In the records below, find each line with "prems" and copy it.
BEGIN
lemma no_complete_inf_of_above:
  assumes "G1 S" "G2 S" and \<G>: "\<forall>G\<in>\<G>. Delta_tilde S G a \<subseteq> A"
  shows "k \<in> {1..N} \<Longrightarrow> x \<in> D k \<Longrightarrow> vle a x \<Longrightarrow> M \<subseteq> D k \<union> (\<Union>G\<in>\<G>. Delta_tilde S G a) \<Longrightarrow>
    \<not> complete_inf_of S x M"
proof (induction k arbitrary: x M rule: less_induct)
  case (less k)
  show ?case
  proof
    assume cinf: "complete_inf_of S x M"
    then have M: "vle x m \<and> vsupp x m \<noteq> UNIV" if "m \<in> M" for m
      using that unfolding complete_inf_of_def by blast
    obtain c where c: "c \<in> M" "c \<notin> D k"
      using Dlevel_not_complete_inf_of[OF less.prems(2)] cinf by blast
    then have "c \<in> A"
      using less.prems(4) \<G> by blast
    then obtain m where m: "m \<in> {1..N}" "c \<in> D m"
      using covered by blast
    then have "m \<le> k"
      using level_le_if_vle[OF less.prems(1) m(1) less.prems(2) m(2)] M c(1) by blast
    with m c have k: "k \<in> {2..N}"
      using less.prems(1) by (cases "m = k") auto
    then obtain y where y: "y \<in> D (k - 1)" "vll x y"
      using dominated less.prems(2) by blast
    have yS: "y \<in> S"
      using y(1) Dlevel_subset subset by blast
    show False
    proof (cases "\<exists>c\<in>M. c \<notin> D k \<and> vmeet y c \<notin> D k")
      case True
      then obtain c G where "c \<in> M" "c \<notin> D k" "vmeet y c \<notin> D k" "G \<in> \<G>" "c \<in> Delta_tilde S G a"
        using less.prems(4) by blast
      then obtain d M' where "d \<in> D (k - 1)" "vle a d"
        "M' \<subseteq> D (k - 1) \<union> (\<Union>G\<in>\<G>. Delta_tilde S G a)" "complete_inf_of S d M'"
        using descend_level[OF assms k less.prems(2,3) y] M by blast
      moreover have "k - 1 < k" "k - 1 \<in> {1..N}"
        using k by auto
      ultimately show False
        using less.IH by blast
    next
      case False
      let ?M' = "(\<lambda>m. if m \<in> D k then m else vmeet y m) ` M"
      have "complete_inf_of S x ?M'"
        using complete_inf_of_vmeet_image[OF assms(1) yS y(2) cinf] .
      moreover have "?M' \<subseteq> D k"
        using False by auto
      ultimately show False
        using Dlevel_not_complete_inf_of less.prems(2) by blast
    qed
  qed
qed

end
END
# TASK RESPONSE
      using Dlevel_not_complete_inf_of[OF less.prems(2)] cinf by blast
      using less.prems(4) \<G> by blast
      using level_le_if_vle[OF less.prems(1) m(1) less.prems(2) m(2)] M c(1) by blast
      using less.prems(1) by (cases "m = k") auto
      using dominated less.prems(2) by blast
        using less.prems(4) by blast
        using descend_level[OF assms k less.prems(2,3) y] M by blast
        using Dlevel_not_complete_inf_of less.prems(2) by blast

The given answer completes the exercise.